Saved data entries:
===
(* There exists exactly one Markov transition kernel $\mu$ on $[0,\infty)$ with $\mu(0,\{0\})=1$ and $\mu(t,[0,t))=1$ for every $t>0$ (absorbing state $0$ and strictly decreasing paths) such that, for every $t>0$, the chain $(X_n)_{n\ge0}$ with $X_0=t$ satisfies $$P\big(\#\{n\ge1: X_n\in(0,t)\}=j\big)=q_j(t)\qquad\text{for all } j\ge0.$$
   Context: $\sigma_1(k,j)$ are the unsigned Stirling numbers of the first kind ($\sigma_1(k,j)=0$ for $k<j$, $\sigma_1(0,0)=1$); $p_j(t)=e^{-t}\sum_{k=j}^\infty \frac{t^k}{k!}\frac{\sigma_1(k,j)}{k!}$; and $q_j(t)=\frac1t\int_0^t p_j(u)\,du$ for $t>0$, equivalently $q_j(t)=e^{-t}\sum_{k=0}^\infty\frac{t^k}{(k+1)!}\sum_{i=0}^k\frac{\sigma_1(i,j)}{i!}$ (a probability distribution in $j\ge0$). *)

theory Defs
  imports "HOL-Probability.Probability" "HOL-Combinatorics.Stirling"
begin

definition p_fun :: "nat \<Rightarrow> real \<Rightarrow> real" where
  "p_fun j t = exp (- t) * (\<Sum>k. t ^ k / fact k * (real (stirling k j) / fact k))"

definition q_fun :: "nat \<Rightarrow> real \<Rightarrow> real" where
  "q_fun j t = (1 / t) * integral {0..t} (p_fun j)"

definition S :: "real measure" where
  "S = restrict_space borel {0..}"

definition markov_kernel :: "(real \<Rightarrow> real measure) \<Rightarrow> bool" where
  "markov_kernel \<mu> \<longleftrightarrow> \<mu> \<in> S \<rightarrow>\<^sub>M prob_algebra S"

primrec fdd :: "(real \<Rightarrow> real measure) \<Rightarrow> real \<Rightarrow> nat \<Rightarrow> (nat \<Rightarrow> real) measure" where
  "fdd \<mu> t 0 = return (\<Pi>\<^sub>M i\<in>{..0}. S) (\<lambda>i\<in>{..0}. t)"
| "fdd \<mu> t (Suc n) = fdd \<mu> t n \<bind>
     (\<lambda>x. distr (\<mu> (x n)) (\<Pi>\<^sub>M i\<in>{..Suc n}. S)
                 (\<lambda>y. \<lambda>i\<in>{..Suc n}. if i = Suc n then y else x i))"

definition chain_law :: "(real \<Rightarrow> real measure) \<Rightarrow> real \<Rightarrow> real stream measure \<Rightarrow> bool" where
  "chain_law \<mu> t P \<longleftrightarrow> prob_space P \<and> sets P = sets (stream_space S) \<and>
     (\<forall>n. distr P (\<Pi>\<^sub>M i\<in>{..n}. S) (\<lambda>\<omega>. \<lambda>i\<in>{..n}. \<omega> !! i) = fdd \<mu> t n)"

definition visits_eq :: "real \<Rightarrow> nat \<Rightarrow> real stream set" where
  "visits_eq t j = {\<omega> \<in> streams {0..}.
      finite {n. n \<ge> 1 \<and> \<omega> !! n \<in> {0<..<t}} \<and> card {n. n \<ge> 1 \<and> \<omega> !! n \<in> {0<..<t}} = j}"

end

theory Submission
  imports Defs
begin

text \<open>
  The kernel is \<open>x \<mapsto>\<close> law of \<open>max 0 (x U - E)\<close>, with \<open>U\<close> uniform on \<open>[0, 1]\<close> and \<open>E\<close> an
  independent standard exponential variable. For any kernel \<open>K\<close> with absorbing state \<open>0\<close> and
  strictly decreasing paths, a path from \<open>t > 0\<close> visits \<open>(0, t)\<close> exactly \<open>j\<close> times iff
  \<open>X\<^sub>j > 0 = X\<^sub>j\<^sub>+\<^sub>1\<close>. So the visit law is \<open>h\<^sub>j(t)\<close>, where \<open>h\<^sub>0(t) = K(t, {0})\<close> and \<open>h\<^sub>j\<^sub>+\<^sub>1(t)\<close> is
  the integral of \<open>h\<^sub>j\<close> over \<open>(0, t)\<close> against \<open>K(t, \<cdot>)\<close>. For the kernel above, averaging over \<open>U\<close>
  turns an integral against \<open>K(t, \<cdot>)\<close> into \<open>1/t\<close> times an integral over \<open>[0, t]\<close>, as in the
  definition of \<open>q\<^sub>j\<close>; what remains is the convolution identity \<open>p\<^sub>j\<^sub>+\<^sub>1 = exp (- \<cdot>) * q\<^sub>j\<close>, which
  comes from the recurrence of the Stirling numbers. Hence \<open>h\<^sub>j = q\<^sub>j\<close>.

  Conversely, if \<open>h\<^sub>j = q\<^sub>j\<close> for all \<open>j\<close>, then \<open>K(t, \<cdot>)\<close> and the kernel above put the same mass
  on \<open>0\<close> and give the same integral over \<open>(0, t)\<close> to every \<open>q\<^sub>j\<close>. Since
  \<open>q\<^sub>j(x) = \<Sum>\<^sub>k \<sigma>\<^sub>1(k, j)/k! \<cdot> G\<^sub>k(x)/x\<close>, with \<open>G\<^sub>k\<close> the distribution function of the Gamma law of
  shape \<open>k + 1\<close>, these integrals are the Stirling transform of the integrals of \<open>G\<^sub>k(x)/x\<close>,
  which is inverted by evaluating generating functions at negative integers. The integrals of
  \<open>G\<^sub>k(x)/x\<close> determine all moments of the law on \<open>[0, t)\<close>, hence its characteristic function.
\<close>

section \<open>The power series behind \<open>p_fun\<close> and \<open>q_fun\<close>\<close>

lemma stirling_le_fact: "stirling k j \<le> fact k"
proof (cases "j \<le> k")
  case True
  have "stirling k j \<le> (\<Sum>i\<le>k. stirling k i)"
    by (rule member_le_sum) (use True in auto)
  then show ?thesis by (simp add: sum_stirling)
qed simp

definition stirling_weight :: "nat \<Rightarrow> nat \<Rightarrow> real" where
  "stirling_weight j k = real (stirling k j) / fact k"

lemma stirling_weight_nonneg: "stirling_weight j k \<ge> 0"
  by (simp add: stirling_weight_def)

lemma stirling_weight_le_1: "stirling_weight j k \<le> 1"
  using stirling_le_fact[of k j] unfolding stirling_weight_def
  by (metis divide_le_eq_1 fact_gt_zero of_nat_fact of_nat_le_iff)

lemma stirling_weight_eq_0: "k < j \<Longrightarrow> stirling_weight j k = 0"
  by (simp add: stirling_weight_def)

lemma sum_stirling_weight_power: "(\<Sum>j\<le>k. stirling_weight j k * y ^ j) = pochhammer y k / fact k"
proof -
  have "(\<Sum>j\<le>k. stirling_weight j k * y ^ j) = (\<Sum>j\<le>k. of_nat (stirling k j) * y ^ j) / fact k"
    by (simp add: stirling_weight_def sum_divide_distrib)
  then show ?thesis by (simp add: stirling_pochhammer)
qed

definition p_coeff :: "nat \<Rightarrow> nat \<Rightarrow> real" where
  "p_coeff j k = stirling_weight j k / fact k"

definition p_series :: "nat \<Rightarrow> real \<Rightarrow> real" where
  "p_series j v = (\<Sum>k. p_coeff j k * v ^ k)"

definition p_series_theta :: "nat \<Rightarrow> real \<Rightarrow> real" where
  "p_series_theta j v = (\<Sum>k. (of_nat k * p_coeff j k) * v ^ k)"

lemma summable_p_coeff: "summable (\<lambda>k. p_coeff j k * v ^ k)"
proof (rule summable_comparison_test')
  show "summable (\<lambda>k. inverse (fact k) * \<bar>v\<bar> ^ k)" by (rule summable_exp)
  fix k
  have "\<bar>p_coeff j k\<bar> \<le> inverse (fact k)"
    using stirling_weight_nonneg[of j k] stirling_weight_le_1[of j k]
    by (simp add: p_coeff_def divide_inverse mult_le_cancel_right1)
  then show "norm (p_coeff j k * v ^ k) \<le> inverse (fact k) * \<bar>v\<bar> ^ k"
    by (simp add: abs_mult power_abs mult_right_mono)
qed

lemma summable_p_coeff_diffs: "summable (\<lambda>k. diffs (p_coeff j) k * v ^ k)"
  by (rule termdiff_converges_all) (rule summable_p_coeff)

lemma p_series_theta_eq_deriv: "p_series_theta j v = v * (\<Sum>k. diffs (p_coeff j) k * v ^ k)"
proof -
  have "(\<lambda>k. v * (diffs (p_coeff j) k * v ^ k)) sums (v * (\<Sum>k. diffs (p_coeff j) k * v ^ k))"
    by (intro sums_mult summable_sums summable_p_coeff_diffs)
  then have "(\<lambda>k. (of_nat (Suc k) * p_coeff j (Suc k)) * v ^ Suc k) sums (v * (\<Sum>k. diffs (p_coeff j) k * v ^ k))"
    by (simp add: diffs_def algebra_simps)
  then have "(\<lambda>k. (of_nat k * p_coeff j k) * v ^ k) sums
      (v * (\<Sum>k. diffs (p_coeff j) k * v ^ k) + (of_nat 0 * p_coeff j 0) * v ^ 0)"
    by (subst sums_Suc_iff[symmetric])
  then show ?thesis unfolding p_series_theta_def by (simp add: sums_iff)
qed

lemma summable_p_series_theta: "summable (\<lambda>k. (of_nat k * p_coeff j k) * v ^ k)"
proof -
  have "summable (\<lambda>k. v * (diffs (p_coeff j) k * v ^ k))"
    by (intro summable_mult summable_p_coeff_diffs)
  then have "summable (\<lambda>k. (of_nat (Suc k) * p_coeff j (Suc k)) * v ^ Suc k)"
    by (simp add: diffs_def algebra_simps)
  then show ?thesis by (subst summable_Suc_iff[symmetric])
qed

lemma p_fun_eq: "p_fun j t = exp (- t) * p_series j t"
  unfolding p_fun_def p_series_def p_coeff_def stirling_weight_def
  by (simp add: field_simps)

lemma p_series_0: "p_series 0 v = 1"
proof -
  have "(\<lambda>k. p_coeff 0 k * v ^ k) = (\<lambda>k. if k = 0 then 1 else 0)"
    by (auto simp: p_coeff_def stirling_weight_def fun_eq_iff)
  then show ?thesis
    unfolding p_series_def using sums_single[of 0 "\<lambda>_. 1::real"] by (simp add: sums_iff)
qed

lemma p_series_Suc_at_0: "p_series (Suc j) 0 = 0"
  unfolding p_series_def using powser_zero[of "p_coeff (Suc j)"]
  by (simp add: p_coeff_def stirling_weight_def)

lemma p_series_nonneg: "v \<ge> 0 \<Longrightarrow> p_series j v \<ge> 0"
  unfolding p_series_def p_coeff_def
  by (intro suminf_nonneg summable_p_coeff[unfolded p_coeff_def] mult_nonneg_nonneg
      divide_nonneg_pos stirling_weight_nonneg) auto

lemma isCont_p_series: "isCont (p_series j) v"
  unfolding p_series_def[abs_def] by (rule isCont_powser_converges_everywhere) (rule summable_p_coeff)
===
| The problem |
Using the data above, print exactly the lines from the line that contains "turns an integral" through the line that contains "comes from the", with both included.

| Response |
  turns an integral against \<open>K(t, \<cdot>)\<close> into \<open>1/t\<close> times an integral over \<open>[0, t]\<close>, as in the
  definition of \<open>q\<^sub>j\<close>; what remains is the convolution identity \<open>p\<^sub>j\<^sub>+\<^sub>1 = exp (- \<cdot>) * q\<^sub>j\<close>, which
  comes from the recurrence of the Stirling numbers. Hence \<open>h\<^sub>j = q\<^sub>j\<close>.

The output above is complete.